_EXERCISE PROMPT_
From the listing below, pull out all lines with "mathcal" in them.

=== Section Start ===

(* Let $A\in\mathbb{R}^{m\times n}$, $b\in\mathbb{R}^m$, and let $g:\mathbb{R}^m\to\mathbb{R}$ be $\mu_g$-strongly convex. Let $h(z):=g(z)-b^\top z$ and let $\hat z$ be the unique solution of $\min_{z}h(z)$ s.t. $A^\top z=0$. Let $\tilde z^*_k\in\mathbb{R}^m$, $z_k:=\nabla h^*(\tilde z^*_k)$, let $\mathcal{J}\subseteq[n]$ with $A_{:,\mathcal{J}}\ne 0$, $r:=(A_{:,\mathcal{J}})^\top z_k$, and for $\delta_z>0$ set $$\tilde z^*_{k+1}:=\tilde z^*_k-\delta_z\frac{\|r\|_2^2}{\|A_{:,\mathcal{J}}r\|_2^2}A_{:,\mathcal{J}}r,\qquad z_{k+1}:=\nabla h^*(\tilde z^*_{k+1})$$ (with $\tilde z^*_{k+1}:=\tilde z^*_k$ if $r=0$). Then $$D_h^{\tilde z^*_{k+1}}(z_{k+1},\hat z)\le D_h^{\tilde z^*_k}(z_k,\hat z)-\frac{\delta_z(2\mu_g-\delta_z)}{2\mu_g}\frac{\|r\|_2^4}{\|A_{:,\mathcal{J}}r\|_2^2}\le D_h^{\tilde z^*_k}(z_k,\hat z)-\frac{\delta_z(2\mu_g-\delta_z)}{2\mu_g}\frac{\|r\|_2^2}{\sigma_{\max}^2(A_{:,\mathcal{J}})},$$ where the middle term is interpreted as $0$ if $r=0$, and the second inequality is asserted for $0<\delta_z\le 2\mu_g$.
   Context: $h^*$ denotes the Fenchel conjugate $h^*(u)=\sup_z\{\langle u,z\rangle-h(z)\}$, which is differentiable with $1/\mu_g$-Lipschitz gradient. The Bregman distance with respect to a convex function $h$ and $u\in\partial h(z)$ is $D_h^{u}(z,y):=h(y)-h(z)-\langle u,y-z\rangle=h^*(u)-\langle u,y\rangle+h(y)$ (note $\tilde z^*_k\in\partial h(z_k)$). $\sigma_{\max}(\cdot)$ is the largest singular value; $A_{:,\mathcal{J}}$ is the column submatrix indexed by $\mathcal{J}$. *)

theory Defs
  imports "HOL-Analysis.Analysis"
begin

=== Section End ===

_REPLY_
(* Let $A\in\mathbb{R}^{m\times n}$, $b\in\mathbb{R}^m$, and let $g:\mathbb{R}^m\to\mathbb{R}$ be $\mu_g$-strongly convex. Let $h(z):=g(z)-b^\top z$ and let $\hat z$ be the unique solution of $\min_{z}h(z)$ s.t. $A^\top z=0$. Let $\tilde z^*_k\in\mathbb{R}^m$, $z_k:=\nabla h^*(\tilde z^*_k)$, let $\mathcal{J}\subseteq[n]$ with $A_{:,\mathcal{J}}\ne 0$, $r:=(A_{:,\mathcal{J}})^\top z_k$, and for $\delta_z>0$ set $$\tilde z^*_{k+1}:=\tilde z^*_k-\delta_z\frac{\|r\|_2^2}{\|A_{:,\mathcal{J}}r\|_2^2}A_{:,\mathcal{J}}r,\qquad z_{k+1}:=\nabla h^*(\tilde z^*_{k+1})$$ (with $\tilde z^*_{k+1}:=\tilde z^*_k$ if $r=0$). Then $$D_h^{\tilde z^*_{k+1}}(z_{k+1},\hat z)\le D_h^{\tilde z^*_k}(z_k,\hat z)-\frac{\delta_z(2\mu_g-\delta_z)}{2\mu_g}\frac{\|r\|_2^4}{\|A_{:,\mathcal{J}}r\|_2^2}\le D_h^{\tilde z^*_k}(z_k,\hat z)-\frac{\delta_z(2\mu_g-\delta_z)}{2\mu_g}\frac{\|r\|_2^2}{\sigma_{\max}^2(A_{:,\mathcal{J}})},$$ where the middle term is interpreted as $0$ if $r=0$, and the second inequality is asserted for $0<\delta_z\le 2\mu_g$.
   Context: $h^*$ denotes the Fenchel conjugate $h^*(u)=\sup_z\{\langle u,z\rangle-h(z)\}$, which is differentiable with $1/\mu_g$-Lipschitz gradient. The Bregman distance with respect to a convex function $h$ and $u\in\partial h(z)$ is $D_h^{u}(z,y):=h(y)-h(z)-\langle u,y-z\rangle=h^*(u)-\langle u,y\rangle+h(y)$ (note $\tilde z^*_k\in\partial h(z_k)$). $\sigma_{\max}(\cdot)$ is the largest singular value; $A_{:,\mathcal{J}}$ is the column submatrix indexed by $\mathcal{J}$. *)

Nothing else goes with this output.